Sparganophilus

Scientific classification
- Domain: Eukaryota
- Kingdom: Animalia
- Phylum: Annelida
- Clade: Pleistoannelida
- Clade: Sedentaria
- Class: Clitellata
- Order: Haplotaxida
- Family: Sparganophilidae
- Genus: Sparganophilus

= Sparganophilus =

Genus of annelids

Sparganophilus, the only genus in the family Sparganophilidae, is a group of long, slender, limicolous (mud-dwelling) earthworms native to North America. The number of species is unknown, most of them are undescribed, throughout the continent and into Central America. One species, S. tamesis, has been introduced into the streams of Europe, where it is now widespread; its synonyms are S. eiseni, S. benhami, S. guatemalensis, S. carnea, S. elongatus, S. cuenoti and, newly, S. langi.

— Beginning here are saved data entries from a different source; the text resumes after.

definition Sc_step ::
  "('b \<Rightarrow> 'b \<Rightarrow> bool) \<Rightarrow> (('b, 'l) contract \<times> ('b, 'l) contract) set
   \<Rightarrow> (('b, 'l) contract \<times> ('b, 'l) contract) set
   \<Rightarrow> ('b, 'l) contract \<Rightarrow> ('b, 'l) contract \<Rightarrow> bool" where
  "Sc_step le R B u1 u2 = (case u1 of
      COne \<Rightarrow> u2 = COne
    | CInB t1 s1 \<Rightarrow> (\<exists>t2 s2. u2 = CInB t2 s2 \<and> (s1, s2) \<in> R \<and> le t1 t2)
    | COutB t1 s1 \<Rightarrow> (\<exists>t2 s2. u2 = COutB t2 s2 \<and> (s1, s2) \<in> R \<and> le t2 t1)
    | COutC m1 s1 \<Rightarrow> (\<exists>m2 s2. u2 = COutC m2 s2 \<and> (s1, s2) \<in> R \<and> (m2, m1) \<in> B)
    | CInC m1 s1 \<Rightarrow> (\<exists>m2 s2. u2 = CInC m2 s2 \<and> (s1, s2) \<in> R \<and> (m1, m2) \<in> B)
    | CExt bs1 \<Rightarrow> (\<exists>bs2. u2 = CExt bs2 \<and>
         (\<forall>(l, s1) \<in> set bs1. \<exists>s2. (l, s2) \<in> set bs2 \<and> (s1, s2) \<in> R))
    | CInt bs1 \<Rightarrow> (\<exists>bs2. u2 = CInt bs2 \<and>
         (\<forall>(l, s2) \<in> set bs2. \<exists>s1. (l, s1) \<in> set bs1 \<and> (s1, s2) \<in> R))
    | CMu x s \<Rightarrow> True
    | CVar x \<Rightarrow> True)"

definition Sc ::
  "('b \<Rightarrow> 'b \<Rightarrow> bool) \<Rightarrow> (('b, 'l) contract \<times> ('b, 'l) contract) set
   \<Rightarrow> (('b, 'l) contract \<times> ('b, 'l) contract) set
   \<Rightarrow> (('b, 'l) contract \<times> ('b, 'l) contract) set" where
  "Sc le R B = {(s1, s2). s1 \<in> SC \<and> s2 \<in> SC \<and> Sc_step le R B (unfoldC s1) (unfoldC s2)}"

Sparganophilus species are characterised by a simple gut with no gizzard and no typhlosole. They are true earthworms, having a complex vascular system with capillaries and having the male pores far behind the female pores. They were at one time placed in the earthworm family Glossoscolecidae, but at present are considered to constitute their own family.

Sparganophilus species are commonly found in mud next to rivers and streams. They feed in the low oxygen mud and organic material, but with their highly vascularized posterior region on or near the surface.

Sparganophilus has no accepted common name.